---------- Source data ----------

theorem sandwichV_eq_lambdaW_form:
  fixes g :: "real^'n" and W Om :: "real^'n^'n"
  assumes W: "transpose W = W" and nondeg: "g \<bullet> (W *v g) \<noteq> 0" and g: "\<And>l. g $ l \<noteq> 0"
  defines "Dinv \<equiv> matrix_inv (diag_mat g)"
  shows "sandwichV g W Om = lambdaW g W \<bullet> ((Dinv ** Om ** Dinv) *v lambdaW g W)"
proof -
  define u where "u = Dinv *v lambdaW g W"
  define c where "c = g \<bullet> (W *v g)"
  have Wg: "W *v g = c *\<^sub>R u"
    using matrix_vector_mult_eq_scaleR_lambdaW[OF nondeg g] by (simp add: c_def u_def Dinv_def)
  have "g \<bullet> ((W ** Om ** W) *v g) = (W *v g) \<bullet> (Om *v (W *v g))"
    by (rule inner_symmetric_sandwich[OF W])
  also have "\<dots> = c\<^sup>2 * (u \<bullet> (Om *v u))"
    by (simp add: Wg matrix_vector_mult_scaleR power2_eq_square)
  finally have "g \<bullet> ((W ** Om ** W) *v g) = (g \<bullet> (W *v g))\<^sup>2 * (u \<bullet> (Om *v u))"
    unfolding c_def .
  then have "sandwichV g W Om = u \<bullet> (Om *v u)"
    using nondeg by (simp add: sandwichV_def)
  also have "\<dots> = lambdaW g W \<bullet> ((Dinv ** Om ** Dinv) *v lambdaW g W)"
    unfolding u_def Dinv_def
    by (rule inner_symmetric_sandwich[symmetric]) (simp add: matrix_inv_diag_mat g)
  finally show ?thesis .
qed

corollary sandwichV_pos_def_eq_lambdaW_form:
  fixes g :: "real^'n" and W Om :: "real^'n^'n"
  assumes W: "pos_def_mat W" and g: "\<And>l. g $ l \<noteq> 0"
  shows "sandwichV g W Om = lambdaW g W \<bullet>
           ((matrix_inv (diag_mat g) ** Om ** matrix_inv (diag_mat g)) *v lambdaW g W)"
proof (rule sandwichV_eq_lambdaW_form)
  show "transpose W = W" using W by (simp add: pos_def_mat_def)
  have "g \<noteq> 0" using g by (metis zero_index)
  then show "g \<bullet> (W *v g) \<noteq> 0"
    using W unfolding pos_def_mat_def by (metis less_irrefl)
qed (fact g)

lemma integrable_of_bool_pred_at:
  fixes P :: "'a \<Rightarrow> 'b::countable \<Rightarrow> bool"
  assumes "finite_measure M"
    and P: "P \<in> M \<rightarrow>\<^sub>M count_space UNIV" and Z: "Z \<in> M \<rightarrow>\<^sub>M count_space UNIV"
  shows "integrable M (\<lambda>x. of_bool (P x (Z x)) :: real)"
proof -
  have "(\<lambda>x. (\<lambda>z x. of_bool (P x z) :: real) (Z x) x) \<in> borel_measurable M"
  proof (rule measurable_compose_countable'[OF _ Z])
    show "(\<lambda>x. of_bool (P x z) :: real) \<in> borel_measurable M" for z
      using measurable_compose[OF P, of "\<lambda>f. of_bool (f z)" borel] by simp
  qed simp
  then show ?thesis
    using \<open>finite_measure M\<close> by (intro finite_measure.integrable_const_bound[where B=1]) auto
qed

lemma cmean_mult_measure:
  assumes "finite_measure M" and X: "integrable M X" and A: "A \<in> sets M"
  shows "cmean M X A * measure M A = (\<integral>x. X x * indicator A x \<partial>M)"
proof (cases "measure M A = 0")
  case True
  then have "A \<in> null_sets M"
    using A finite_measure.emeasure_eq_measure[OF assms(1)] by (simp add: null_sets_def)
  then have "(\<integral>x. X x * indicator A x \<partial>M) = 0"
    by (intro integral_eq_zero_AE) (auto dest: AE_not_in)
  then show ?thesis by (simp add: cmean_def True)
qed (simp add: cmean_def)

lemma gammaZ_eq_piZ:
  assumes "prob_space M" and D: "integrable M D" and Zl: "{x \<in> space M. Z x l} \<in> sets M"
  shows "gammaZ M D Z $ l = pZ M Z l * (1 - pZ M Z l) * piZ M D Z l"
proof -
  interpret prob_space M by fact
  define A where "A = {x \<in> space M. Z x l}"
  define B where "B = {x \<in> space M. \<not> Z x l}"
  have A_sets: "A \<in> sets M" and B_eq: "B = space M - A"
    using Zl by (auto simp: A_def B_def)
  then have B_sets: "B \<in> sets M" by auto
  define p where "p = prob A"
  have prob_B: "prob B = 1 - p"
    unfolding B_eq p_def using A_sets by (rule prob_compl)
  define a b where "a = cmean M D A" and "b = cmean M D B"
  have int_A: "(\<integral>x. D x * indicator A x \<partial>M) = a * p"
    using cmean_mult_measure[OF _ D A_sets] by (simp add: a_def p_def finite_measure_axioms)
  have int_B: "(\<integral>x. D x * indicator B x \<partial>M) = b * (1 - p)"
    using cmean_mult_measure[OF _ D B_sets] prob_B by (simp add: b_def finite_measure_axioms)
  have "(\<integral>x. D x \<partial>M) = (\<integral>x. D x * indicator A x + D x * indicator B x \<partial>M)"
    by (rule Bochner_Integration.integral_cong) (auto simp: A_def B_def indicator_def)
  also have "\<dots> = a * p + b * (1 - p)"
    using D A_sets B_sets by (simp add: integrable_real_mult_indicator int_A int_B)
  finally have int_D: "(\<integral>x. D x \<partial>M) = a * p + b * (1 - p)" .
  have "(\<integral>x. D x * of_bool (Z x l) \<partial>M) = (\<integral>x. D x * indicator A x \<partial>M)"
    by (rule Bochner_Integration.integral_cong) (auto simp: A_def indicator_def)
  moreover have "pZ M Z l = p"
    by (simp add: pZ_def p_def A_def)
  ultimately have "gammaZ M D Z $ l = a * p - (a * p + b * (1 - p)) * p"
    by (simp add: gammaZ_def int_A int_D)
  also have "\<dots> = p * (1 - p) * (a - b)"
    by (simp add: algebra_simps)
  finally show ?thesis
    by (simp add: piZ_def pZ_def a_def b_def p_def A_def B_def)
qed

----------
---------- Source data ----------

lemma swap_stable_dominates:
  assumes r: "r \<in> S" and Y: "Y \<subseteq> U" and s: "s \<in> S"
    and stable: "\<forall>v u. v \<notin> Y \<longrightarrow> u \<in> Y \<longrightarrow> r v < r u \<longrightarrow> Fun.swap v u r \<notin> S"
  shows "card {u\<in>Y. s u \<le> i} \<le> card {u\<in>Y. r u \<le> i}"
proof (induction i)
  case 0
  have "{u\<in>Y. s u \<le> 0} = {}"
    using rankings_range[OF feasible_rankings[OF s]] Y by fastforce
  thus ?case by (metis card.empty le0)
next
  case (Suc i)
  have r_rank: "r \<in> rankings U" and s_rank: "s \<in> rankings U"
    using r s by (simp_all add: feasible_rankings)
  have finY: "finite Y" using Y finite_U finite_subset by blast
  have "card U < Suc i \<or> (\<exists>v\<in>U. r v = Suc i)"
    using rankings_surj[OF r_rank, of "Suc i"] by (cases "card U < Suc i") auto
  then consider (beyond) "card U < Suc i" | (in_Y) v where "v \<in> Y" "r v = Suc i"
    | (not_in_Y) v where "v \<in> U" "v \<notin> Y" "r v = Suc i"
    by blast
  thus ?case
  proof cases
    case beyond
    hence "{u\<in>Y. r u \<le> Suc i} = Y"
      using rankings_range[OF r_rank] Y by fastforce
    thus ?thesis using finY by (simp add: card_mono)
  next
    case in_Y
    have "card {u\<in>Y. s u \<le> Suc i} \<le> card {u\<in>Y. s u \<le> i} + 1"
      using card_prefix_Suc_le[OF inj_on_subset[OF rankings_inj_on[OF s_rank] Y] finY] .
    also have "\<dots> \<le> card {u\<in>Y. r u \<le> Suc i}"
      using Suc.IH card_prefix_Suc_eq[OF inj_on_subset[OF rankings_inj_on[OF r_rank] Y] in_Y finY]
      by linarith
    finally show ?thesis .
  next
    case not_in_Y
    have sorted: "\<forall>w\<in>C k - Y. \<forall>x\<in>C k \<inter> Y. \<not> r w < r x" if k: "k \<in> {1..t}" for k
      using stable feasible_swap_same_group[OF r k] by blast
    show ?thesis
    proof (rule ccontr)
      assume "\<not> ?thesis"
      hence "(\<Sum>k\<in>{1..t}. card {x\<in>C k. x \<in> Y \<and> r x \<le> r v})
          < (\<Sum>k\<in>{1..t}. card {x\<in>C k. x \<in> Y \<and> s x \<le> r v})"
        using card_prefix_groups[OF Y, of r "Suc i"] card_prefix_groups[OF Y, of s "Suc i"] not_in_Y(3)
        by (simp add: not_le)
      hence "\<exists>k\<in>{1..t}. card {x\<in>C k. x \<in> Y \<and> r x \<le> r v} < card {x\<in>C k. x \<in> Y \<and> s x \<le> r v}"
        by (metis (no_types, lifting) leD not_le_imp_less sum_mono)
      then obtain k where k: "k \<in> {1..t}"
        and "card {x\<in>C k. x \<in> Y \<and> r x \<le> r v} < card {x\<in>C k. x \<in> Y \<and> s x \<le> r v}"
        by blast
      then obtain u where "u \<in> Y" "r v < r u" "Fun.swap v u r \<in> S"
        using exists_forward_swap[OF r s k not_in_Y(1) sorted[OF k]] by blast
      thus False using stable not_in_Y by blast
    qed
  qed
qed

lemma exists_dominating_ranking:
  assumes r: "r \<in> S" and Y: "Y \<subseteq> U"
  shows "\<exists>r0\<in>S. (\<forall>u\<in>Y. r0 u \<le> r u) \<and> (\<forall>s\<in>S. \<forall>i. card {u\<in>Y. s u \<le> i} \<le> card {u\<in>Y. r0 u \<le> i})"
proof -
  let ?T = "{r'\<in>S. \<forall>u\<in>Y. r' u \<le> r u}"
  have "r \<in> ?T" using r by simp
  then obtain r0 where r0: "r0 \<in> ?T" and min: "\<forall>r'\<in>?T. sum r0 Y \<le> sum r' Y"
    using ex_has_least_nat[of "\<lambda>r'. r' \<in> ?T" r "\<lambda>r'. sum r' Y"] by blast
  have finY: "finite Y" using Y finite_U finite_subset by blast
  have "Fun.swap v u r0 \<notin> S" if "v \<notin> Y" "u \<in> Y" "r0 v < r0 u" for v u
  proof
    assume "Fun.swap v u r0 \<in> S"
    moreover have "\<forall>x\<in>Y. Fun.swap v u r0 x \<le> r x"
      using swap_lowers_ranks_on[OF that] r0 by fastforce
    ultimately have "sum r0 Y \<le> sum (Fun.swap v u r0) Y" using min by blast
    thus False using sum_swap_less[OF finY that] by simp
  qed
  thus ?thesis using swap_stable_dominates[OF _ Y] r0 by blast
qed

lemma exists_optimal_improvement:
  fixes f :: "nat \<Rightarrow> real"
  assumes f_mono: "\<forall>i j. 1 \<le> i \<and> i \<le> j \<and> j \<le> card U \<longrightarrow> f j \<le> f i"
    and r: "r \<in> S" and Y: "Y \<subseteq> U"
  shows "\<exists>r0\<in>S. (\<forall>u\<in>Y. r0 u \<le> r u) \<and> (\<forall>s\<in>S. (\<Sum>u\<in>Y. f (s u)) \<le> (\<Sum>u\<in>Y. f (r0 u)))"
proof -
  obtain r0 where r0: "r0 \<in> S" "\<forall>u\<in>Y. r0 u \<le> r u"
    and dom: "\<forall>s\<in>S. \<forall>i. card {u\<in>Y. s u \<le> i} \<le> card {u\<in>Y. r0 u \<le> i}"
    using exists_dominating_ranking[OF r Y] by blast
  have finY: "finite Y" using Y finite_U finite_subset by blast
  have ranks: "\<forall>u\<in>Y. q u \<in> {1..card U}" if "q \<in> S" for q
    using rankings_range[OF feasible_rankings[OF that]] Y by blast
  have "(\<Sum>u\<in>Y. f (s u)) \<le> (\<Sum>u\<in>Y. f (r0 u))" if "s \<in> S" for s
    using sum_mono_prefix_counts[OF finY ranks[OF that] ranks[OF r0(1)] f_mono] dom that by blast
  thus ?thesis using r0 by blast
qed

----------

■ What is being asked
Within the entries, determine the count of lines containing the string "ultimately" and output it alone.

■ Finished task
2